Task
When a line of the entries contains "obtain", please list that line.

Stored items:

****************

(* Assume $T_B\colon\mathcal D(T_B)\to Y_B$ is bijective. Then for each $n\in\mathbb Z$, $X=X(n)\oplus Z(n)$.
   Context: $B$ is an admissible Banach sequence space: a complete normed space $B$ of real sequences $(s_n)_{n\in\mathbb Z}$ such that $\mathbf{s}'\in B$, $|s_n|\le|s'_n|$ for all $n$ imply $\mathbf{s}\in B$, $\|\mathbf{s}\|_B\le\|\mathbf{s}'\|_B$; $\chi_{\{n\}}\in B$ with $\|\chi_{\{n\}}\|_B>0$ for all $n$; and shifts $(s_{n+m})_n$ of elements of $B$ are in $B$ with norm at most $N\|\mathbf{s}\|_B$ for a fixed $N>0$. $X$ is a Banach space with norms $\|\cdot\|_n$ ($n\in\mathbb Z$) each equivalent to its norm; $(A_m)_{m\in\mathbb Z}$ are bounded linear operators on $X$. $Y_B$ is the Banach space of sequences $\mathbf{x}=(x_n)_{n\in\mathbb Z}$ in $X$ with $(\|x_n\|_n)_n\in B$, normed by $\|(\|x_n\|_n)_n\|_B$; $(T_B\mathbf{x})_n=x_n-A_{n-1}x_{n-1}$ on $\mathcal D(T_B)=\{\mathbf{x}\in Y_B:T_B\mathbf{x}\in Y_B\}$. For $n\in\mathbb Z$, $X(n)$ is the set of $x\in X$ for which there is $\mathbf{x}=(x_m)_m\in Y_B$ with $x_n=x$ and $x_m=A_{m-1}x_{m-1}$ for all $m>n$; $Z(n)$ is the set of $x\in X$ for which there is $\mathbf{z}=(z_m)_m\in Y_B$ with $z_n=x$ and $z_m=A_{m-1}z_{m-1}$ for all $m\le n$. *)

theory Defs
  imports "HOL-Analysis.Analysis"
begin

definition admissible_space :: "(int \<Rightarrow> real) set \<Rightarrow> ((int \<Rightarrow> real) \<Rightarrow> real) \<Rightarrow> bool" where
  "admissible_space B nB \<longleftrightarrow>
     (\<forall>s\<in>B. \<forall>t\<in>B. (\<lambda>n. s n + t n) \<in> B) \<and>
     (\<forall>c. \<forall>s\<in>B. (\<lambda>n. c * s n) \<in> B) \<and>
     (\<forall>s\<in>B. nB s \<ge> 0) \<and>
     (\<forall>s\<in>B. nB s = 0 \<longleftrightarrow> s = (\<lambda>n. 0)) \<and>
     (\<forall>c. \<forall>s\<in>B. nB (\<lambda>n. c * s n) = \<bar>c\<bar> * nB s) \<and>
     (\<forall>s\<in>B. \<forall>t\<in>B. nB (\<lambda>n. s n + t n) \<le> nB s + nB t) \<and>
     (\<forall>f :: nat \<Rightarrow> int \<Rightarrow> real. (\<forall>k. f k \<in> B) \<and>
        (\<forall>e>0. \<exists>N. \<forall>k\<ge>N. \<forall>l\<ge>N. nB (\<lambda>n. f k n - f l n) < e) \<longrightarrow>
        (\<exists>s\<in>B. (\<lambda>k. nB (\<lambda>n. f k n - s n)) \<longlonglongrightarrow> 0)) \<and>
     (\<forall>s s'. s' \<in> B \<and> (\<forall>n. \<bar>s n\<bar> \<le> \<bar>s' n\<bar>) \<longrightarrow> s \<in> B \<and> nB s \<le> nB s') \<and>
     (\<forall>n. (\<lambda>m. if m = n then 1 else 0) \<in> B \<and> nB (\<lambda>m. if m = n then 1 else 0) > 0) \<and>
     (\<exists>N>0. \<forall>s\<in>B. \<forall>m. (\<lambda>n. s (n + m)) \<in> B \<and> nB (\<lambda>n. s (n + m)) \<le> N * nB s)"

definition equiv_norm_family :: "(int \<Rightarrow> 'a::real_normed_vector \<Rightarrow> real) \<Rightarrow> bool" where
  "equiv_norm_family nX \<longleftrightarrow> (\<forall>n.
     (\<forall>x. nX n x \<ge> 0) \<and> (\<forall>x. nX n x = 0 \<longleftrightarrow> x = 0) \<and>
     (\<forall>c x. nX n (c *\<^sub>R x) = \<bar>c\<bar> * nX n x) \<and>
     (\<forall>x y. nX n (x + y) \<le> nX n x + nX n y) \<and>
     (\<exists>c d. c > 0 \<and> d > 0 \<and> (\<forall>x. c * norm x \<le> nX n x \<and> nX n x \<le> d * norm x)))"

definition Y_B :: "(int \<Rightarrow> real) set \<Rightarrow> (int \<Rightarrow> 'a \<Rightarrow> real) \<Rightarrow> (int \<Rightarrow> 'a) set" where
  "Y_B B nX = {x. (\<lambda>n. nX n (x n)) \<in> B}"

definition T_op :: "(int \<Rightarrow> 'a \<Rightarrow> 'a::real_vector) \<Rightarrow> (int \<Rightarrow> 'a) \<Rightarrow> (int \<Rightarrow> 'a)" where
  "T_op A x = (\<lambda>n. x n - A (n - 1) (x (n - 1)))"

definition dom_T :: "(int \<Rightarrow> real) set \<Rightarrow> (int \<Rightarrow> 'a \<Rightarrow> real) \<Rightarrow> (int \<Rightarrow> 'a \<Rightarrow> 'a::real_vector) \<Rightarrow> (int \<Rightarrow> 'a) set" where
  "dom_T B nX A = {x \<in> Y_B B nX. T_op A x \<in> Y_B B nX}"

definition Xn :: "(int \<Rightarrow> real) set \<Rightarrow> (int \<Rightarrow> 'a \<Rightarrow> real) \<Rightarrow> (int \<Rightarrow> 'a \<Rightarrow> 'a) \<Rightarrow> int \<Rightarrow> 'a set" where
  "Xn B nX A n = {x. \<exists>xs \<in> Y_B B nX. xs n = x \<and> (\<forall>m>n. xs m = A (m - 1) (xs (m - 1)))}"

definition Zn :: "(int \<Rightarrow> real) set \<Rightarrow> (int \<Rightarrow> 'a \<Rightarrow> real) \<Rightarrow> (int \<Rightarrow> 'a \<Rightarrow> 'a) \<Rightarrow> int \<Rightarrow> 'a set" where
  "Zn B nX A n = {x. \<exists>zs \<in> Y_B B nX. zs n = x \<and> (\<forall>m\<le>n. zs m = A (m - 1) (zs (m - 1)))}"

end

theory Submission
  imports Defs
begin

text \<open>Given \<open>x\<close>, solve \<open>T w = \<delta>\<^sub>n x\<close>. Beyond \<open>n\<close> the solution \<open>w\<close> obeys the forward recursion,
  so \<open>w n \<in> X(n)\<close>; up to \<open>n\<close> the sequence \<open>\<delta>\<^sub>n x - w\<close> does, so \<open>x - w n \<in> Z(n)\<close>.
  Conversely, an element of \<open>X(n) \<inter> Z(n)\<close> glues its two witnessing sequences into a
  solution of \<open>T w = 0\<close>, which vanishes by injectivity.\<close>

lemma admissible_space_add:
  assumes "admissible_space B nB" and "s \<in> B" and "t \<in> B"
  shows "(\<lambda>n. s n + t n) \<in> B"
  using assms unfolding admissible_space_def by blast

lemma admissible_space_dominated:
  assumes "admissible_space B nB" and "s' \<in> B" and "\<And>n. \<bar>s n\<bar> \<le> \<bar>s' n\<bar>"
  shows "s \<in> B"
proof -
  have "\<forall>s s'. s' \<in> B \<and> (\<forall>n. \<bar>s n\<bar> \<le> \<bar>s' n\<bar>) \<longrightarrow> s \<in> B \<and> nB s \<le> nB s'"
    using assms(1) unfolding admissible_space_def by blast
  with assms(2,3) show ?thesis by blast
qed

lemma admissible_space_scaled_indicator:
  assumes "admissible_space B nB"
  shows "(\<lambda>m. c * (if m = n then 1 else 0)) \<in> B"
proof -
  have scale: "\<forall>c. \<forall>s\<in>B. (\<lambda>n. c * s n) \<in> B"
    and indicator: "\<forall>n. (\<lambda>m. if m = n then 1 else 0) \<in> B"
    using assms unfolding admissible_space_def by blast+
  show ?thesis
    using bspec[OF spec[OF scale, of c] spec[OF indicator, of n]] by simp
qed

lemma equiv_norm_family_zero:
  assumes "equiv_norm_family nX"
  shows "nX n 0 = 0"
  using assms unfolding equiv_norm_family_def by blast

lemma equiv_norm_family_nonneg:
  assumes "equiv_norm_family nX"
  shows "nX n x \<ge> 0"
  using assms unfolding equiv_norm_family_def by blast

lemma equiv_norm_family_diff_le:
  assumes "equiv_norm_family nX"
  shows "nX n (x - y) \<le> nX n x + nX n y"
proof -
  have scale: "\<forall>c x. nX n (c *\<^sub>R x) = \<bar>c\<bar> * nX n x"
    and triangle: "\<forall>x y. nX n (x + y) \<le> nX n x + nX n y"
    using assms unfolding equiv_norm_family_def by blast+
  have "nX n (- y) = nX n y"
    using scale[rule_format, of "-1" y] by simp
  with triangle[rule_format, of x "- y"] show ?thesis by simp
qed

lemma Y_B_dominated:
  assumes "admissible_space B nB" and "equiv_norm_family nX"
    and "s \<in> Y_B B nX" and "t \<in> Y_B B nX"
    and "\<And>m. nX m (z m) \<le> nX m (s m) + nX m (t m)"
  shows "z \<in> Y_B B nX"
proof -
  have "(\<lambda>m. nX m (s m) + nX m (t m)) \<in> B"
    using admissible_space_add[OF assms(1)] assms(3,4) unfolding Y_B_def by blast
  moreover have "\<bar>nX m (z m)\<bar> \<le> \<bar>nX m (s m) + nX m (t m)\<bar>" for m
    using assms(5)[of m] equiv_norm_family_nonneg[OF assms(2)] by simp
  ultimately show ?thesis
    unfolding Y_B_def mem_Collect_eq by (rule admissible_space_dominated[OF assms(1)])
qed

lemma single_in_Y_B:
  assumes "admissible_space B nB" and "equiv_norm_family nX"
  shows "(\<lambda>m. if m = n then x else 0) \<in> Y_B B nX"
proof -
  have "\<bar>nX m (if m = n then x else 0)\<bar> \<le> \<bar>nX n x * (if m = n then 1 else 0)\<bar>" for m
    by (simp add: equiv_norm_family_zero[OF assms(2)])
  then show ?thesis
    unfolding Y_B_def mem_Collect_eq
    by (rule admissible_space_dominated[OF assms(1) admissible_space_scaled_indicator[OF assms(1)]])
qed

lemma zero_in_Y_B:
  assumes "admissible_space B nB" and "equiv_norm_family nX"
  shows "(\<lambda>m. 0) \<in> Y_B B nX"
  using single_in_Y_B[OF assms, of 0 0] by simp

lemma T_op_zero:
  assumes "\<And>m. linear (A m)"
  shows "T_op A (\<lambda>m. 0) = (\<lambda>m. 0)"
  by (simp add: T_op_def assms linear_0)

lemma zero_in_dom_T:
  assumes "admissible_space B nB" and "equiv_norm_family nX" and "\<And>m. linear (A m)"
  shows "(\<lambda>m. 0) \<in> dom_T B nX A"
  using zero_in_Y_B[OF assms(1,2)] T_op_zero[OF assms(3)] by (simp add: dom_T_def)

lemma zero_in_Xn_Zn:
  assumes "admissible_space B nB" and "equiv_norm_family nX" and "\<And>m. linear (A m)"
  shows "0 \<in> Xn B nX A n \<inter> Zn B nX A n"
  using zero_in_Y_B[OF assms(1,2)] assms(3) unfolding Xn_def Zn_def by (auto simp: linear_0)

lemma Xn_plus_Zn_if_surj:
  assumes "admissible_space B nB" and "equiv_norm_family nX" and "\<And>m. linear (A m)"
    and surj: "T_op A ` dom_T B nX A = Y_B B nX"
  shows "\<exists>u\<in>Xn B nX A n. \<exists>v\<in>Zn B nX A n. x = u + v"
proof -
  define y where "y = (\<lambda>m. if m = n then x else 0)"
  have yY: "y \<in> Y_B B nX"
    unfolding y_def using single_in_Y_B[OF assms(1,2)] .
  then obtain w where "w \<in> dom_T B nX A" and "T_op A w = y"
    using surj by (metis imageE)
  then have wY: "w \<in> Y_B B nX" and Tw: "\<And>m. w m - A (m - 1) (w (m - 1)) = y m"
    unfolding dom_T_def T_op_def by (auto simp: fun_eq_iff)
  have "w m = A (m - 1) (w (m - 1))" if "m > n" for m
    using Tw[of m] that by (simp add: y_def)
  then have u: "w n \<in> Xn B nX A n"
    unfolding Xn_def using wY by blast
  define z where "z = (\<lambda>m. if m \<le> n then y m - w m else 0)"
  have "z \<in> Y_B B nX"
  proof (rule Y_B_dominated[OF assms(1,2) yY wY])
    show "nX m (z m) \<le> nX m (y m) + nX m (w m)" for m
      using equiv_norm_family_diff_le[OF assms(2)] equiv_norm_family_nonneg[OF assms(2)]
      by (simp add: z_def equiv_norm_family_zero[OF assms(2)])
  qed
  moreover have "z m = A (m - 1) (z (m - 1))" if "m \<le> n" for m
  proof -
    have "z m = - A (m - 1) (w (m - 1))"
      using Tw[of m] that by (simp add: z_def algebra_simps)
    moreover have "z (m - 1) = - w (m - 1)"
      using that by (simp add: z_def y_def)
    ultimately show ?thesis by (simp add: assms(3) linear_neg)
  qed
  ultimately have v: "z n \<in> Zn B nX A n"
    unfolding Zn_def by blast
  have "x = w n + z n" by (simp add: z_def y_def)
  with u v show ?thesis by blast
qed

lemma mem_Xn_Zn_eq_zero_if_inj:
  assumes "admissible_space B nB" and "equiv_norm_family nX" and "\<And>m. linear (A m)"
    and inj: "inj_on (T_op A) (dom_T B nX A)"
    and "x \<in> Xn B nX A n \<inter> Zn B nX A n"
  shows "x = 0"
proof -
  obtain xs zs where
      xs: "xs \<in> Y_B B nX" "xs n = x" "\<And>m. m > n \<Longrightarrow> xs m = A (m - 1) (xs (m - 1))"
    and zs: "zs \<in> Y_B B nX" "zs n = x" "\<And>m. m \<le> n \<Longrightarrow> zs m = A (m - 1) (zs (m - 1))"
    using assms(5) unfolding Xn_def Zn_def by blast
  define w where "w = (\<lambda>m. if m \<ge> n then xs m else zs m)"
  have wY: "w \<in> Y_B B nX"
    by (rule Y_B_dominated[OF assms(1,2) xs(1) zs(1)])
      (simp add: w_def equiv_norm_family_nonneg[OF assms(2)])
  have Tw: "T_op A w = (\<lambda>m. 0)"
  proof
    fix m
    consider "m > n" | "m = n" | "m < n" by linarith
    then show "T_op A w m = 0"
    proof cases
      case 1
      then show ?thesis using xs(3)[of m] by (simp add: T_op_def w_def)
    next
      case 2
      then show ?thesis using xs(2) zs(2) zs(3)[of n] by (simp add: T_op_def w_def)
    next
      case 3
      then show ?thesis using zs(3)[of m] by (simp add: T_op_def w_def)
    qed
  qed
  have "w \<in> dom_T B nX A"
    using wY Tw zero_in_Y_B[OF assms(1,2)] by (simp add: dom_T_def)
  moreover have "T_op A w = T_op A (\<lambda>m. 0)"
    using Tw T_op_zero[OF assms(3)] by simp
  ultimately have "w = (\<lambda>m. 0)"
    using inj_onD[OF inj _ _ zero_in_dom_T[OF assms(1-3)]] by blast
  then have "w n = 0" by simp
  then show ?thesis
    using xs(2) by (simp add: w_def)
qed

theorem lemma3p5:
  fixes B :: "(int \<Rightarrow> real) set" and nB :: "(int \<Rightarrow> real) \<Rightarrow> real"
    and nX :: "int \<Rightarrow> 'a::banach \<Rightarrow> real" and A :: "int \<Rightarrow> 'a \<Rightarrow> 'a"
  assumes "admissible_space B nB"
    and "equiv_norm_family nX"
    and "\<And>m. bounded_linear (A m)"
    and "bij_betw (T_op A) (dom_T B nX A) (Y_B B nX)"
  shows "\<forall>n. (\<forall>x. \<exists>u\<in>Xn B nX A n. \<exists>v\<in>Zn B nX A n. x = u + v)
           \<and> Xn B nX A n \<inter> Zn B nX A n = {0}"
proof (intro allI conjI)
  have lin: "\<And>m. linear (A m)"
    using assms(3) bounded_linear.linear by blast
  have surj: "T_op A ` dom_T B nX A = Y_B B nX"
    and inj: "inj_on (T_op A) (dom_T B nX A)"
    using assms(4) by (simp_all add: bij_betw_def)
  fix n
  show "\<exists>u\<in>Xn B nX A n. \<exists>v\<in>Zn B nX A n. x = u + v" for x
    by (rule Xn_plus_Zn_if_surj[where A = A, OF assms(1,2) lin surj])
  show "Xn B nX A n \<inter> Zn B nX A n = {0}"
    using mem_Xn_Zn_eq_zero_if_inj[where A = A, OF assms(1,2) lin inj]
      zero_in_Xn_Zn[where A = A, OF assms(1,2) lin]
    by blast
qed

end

****************

Response
  then obtain w where "w \<in> dom_T B nX A" and "T_op A w = y"
  obtain xs zs where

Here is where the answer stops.